■ What is being asked ■
Collect every line below that contains the word "carrier".

■ Listed entries ■
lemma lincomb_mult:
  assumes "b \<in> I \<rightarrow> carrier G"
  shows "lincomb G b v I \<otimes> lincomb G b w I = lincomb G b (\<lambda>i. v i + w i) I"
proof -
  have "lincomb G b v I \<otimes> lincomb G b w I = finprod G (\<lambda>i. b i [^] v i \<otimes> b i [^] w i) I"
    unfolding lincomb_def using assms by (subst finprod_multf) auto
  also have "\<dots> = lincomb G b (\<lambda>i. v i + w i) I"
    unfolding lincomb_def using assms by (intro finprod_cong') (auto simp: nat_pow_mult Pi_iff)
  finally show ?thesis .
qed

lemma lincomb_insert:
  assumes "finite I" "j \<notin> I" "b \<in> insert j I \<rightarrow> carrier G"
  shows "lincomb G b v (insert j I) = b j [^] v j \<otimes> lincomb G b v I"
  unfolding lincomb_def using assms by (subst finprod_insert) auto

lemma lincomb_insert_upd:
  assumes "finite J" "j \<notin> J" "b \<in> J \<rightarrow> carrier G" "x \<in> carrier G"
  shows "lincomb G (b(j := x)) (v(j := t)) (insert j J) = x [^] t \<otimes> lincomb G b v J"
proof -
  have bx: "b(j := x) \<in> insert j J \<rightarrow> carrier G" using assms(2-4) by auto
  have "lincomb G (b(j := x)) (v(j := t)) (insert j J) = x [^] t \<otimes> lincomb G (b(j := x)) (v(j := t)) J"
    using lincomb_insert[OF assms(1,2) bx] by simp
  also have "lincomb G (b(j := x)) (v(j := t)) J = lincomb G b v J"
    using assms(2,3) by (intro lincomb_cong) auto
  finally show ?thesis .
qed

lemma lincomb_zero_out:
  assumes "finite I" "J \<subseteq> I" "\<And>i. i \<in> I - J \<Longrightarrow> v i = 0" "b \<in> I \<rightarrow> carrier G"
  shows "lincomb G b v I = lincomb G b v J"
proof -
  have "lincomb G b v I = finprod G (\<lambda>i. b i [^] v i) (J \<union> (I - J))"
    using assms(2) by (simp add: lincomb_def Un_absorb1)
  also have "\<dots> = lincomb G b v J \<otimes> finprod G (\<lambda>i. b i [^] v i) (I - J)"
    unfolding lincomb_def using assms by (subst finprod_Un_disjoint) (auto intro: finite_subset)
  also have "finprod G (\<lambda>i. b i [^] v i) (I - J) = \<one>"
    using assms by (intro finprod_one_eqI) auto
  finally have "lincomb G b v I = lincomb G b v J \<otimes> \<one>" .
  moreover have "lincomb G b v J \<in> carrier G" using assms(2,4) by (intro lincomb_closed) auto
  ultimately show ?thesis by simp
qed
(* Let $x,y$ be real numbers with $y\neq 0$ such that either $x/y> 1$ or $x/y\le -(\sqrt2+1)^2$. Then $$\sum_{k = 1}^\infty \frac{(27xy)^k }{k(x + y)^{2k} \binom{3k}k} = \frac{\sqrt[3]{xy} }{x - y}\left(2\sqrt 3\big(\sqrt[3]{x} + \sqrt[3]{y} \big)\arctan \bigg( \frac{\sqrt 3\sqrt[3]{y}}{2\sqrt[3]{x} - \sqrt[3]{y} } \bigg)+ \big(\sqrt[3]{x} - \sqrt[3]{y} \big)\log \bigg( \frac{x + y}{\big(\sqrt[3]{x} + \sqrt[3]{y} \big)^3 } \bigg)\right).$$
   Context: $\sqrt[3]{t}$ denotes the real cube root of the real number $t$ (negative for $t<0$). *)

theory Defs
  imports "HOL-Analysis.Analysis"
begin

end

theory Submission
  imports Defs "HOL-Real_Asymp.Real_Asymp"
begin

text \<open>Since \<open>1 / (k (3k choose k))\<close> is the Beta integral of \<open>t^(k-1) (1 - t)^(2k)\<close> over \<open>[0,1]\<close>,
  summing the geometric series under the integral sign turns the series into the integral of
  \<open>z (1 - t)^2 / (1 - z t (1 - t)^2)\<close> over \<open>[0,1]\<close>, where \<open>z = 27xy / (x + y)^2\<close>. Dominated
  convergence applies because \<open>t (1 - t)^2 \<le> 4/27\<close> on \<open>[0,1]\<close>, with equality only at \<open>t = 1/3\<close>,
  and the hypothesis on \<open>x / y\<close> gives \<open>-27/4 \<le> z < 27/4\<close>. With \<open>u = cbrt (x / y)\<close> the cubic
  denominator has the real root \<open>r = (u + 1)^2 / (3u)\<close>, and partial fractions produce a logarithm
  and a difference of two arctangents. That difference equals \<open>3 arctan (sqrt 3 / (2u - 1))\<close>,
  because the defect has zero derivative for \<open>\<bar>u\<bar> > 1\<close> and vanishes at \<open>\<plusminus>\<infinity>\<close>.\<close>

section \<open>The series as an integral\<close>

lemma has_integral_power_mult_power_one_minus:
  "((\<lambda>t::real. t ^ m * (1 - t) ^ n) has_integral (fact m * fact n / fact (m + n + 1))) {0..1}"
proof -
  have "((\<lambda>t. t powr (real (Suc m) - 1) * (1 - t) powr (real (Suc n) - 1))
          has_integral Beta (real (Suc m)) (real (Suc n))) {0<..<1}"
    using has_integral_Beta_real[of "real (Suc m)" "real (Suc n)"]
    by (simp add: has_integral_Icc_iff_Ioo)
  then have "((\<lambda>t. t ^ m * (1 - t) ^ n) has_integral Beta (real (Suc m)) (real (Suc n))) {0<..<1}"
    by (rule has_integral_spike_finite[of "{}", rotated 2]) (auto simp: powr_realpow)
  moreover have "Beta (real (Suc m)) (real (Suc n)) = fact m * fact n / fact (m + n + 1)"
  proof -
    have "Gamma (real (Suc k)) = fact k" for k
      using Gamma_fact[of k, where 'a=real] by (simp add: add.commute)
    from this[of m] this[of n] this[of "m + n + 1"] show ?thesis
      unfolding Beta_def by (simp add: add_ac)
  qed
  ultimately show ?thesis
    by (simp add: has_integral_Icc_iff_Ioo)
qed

■ Answer to this problem ■
  assumes "b \<in> I \<rightarrow> carrier G"
  assumes "finite I" "j \<notin> I" "b \<in> insert j I \<rightarrow> carrier G"
  assumes "finite J" "j \<notin> J" "b \<in> J \<rightarrow> carrier G" "x \<in> carrier G"
  have bx: "b(j := x) \<in> insert j J \<rightarrow> carrier G" using assms(2-4) by auto
  assumes "finite I" "J \<subseteq> I" "\<And>i. i \<in> I - J \<Longrightarrow> v i = 0" "b \<in> I \<rightarrow> carrier G"
  moreover have "lincomb G b v J \<in> carrier G" using assms(2,4) by (intro lincomb_closed) auto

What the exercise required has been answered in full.